Most true, Oh theologian, it is, that the false philosophies, from Democritus to Hegel, have done nothing for mankind but to becloud, bewilder, and enfeeble their intelligence, for the philosophies were born of empty vanity, which essayed to conquer the universe by cogitation without science, and not from any loving impulse to make life wiser and better. But your theologies have been almost as false as the philosophies. You have inverted the simple and pure religion of Jesus. You have taught the world that its governing power was not an infinite love, but an infinite hate, and that the chief purpose of creation was to furnish an unlimited amount of human agony, in eternal progress, to gratify the infinite tyrant, and, at the same time, please a few humble vassals whom terror alone had driven into his service. You have taught mankind, all too successfully, to imitate this superhuman monster, by the banishment, imprisonment, murder, or torture, of all who did not accept your insane and heartless teachings; and the bloody drama, which has been in full progress for at least fifteen centuries without one interval of pity or remorse, is coming to its end now, Oh theologians, simply because your power has waned, and mankind have partially outgrown their superstitious ignorance. Tennyson in his last poem has expressed the truth:

“‘Love your enemy, bless your haters,’ said the Greatest of the great,

Christian love among the churches looked the twin of heathen hate.
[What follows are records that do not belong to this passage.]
text \<open>The interval \<open>[0,t]\<close> is cut into pieces whose length \<open>h\<close> is small compared with the
  moduli of continuity of \<open>S\<close> and \<open>u\<close>, but large compared with \<open>l\<close>; very short times \<open>t\<close> are
  handled by the bound \<open>D\<close> on the integrand.\<close>

lemma averaging_integral_small:
  assumes uc: "continuous_on {0..} u" and T: "0 < T" and \<epsilon>: "0 < \<epsilon>"
  shows "\<exists>\<delta>>0. \<forall>l t. 0 < l \<and> l < \<delta> \<and> t \<in> {0..T} \<longrightarrow>
    norm (integral {0..t} (\<lambda>\<tau>. S (t - \<tau>) (F (\<tau> / l) (u \<tau>) - Fh (u \<tau>)))) \<le> \<epsilon>"
proof -
  define e where "e = \<epsilon> / (2 * (T + 1))"
  have e: "0 < e" using \<epsilon> T by (simp add: e_def)
  obtain \<delta>0 T0 D where \<delta>0: "0 < \<delta>0" and T0: "0 < T0" and D: "0 < D"
    and integrand_le: "\<And>l \<tau> t. 0 < l \<Longrightarrow> 0 \<le> \<tau> \<Longrightarrow> \<tau> \<le> t \<Longrightarrow> t \<le> T \<Longrightarrow>
      norm (S (t - \<tau>) (F (\<tau> / l) (u \<tau>) - Fh (u \<tau>))) \<le> D"
    and at_scale: "\<And>l h m. 0 < l \<Longrightarrow> 0 < h \<Longrightarrow> h < \<delta>0 \<Longrightarrow> T0 \<le> h / l \<Longrightarrow> h + real m * h \<le> T \<Longrightarrow>
      norm (integral {0..h + real m * h} (\<lambda>\<tau>. S (h + real m * h - \<tau>) (F (\<tau> / l) (u \<tau>) - Fh (u \<tau>))))
        \<le> D * h + real m * h * e"
    using averaging_integral_le_at_scale[OF uc e, of T] by blast
  obtain m :: nat where m: "T / \<delta>0 < real m" "2 * T * D / \<epsilon> < real m"
    using reals_Archimedean2[of "max (T / \<delta>0) (2 * T * D / \<epsilon>)"] by auto
  define \<delta> where "\<delta> = \<epsilon> / D / (real (Suc m) * T0)"
  show ?thesis
  proof (intro exI[of _ \<delta>] conjI allI impI)
    show "0 < \<delta>" using \<epsilon> D T0 by (simp add: \<delta>_def)
    fix l t assume "0 < l \<and> l < \<delta> \<and> t \<in> {0..T}"
    then have l: "0 < l" "l < \<delta>" and t: "0 \<le> t" "t \<le> T" by auto
    let ?f = "\<lambda>\<tau>. S (t - \<tau>) (F (\<tau> / l) (u \<tau>) - Fh (u \<tau>))"
    show "norm (integral {0..t} ?f) \<le> \<epsilon>"
    proof (cases "t \<le> \<epsilon> / D")
      case True
      have "norm (integral {0..t} ?f) \<le> D * (t - 0)"
        by (rule norm_integral_le_const)
          (use l t integrand_le in \<open>auto intro: integrable_continuous_real continuous_on_averaging_integrand[OF _ uc]\<close>)
      also have "\<dots> \<le> \<epsilon>" using True D by (simp add: field_simps)
      finally show ?thesis .
    next
      case False
      define h where "h = t / real (Suc m)"
      have "0 < \<epsilon> / D" using D \<epsilon> by simp
      then have h: "0 < h" "h \<le> T / real (Suc m)"
        using False t by (simp_all add: h_def divide_right_mono)
      have "real (Suc m) * h = t" by (simp add: h_def)
      then have th: "t = h + real m * h" by (simp add: algebra_simps)
      have "T < real m * \<delta>0"
        using m(1) \<delta>0 by (simp add: pos_divide_less_eq)
      also have "\<dots> \<le> real (Suc m) * \<delta>0"
        using \<delta>0 by (intro mult_right_mono) auto
      finally have "h < \<delta>0"
        using h(2) by (smt (verit) mult.commute of_nat_0_less_iff pos_divide_less_eq zero_less_Suc)
      have "\<epsilon> / D / real (Suc m) < h"
        unfolding h_def by (rule divide_strict_right_mono) (use False in auto)
      moreover have "l * T0 < \<delta> * T0" using l T0 by simp
      moreover have "\<delta> * T0 = \<epsilon> / D / real (Suc m)" using T0 by (simp add: \<delta>_def)
      ultimately have "T0 \<le> h / l" using l by (simp add: field_simps)
      then have "norm (integral {0..t} ?f) \<le> D * h + real m * h * e"
        using at_scale[OF l(1) h(1) \<open>h < \<delta>0\<close>] th t by simp
      also have "\<dots> \<le> \<epsilon> / 2 + T * e"
      proof (intro add_mono)
        have "D * h \<le> D * (T / real (Suc m))" using h(2) D by (intro mult_left_mono) auto
        also have "\<dots> \<le> \<epsilon> / 2" using m(2) D T \<epsilon> by (simp add: field_simps)
        finally show "D * h \<le> \<epsilon> / 2" .
        show "real m * h * e \<le> T * e"
          using th t h(1) e by (intro mult_right_mono) auto
      qed
      also have "\<dots> \<le> \<epsilon>" using T \<epsilon> by (simp add: e_def field_simps)
      finally show ?thesis .
    qed
  qed
qed

lemma mild_solution_eq:
  assumes "mild_solution (R l) l F v u" "0 \<le> t"
  shows "u t = R l t 0 v + integral {0..t} (\<lambda>\<tau>. R l t \<tau> (F (\<tau> / l) (u \<tau>)))"
    and "(\<lambda>\<tau>. R l t \<tau> (F (\<tau> / l) (u \<tau>))) integrable_on {0..t}"
  using assms by (auto simp: mild_solution_def integral_unique)

lemma avg_mild_solution_eq:
  assumes "avg_mild_solution S Fh u0 u" "0 \<le> t"
  shows "u t = S t u0 + integral {0..t} (\<lambda>\<tau>. S (t - \<tau>) (Fh (u \<tau>)))"
  using assms by (auto simp: avg_mild_solution_def integral_unique)

lemma norm_mild_solution_le:
  assumes l: "0 < l" and u: "mild_solution (R l) l F v u" and t: "t \<in> {0..T}"
  shows "norm (u t) \<le> 2 * (op_bound T * norm v + op_bound T * cF * T) * exp (2 * (op_bound T * cF + 1) * T)"
proof (rule volterra_solution_norm_bound[where G = "\<lambda>s v. F (s / l) v"])
  show "volterra_solution (R l) (\<lambda>s v. F (s / l) v) (\<lambda>t. R l t 0 v) T u"
    using u mild_solution_eq(1)[OF u] by (auto simp: volterra_solution_def mild_solution_def
        intro: continuous_on_subset)
  show "norm (R l t 0 v) \<le> op_bound T * norm v" if "t \<in> {0..T}" for t
    using that norm_R_le_op_bound[OF l, of 0 t T] op_bound_pos[of T]
    by (intro order_trans[OF norm_blinfun] mult_right_mono) auto
qed (use l t mild_solution_eq(2)[OF u] norm_R_le_op_bound[OF l] less_imp_le[OF op_bound_pos] cF in auto)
From the golden alms of blessing, man had coined himself a curse;

Rome of Cæsar, Rome of Peter,—which was crueler, which was worse?”

You are beginning, Oh theologians, to be ashamed of the history of your tribe, and to doubt in your own hearts the horrid creeds you are still teaching; and a few have even thrown them off entirely and joined in the movement of emancipation,—even Andover is uneasy beneath its old yoke. But the chief problem of progress is still to get rid of your creeds, and return to that simple, universal religion, of which Jesus was the most powerful teacher,—a religion that had no church, no creed, no intolerance, and which dealt only in that universal love to which all human souls respond when they receive it.

Yet never has this simple religion of Jesus appeared, nor any effort towards its imperfect realization, without provoking orthodox hostility; and never has science taken one bold step in advance to understand the Bible of creation, or the Divine wisdom embodied in the constitution of man, without finding all orthodox power arrayed against each step of progress, and your orthodox anathemas ready for each fearless seeker of the truth.

Never had astronomy, never had geology, never had phrenology, never had anthropology, one smile from the organized theological guardians of the ancient falsehood called orthodoxy. Neither had political liberty any better treatment than mental liberty. Neither the white man, the red man, nor the black man found friendship or protection until very recently in any orthodox church, for the church was invariably the ally of the despot. Witness all European history, witness the history of Mexico and South America,—witness the history of the United States,—witness the present condition of Europe, groaning under the mountain load of taxation to pay war debts, to sustain the cannon foundries, forts, ships, barracks, and, in a word, the armament of hell, for it is but a grand, prearranged plan for further homicide and devastation; and all—all, alas! established and sustained by a government inspired by the church, which falsely claims to represent the principles of Christ in its terribly apostate career!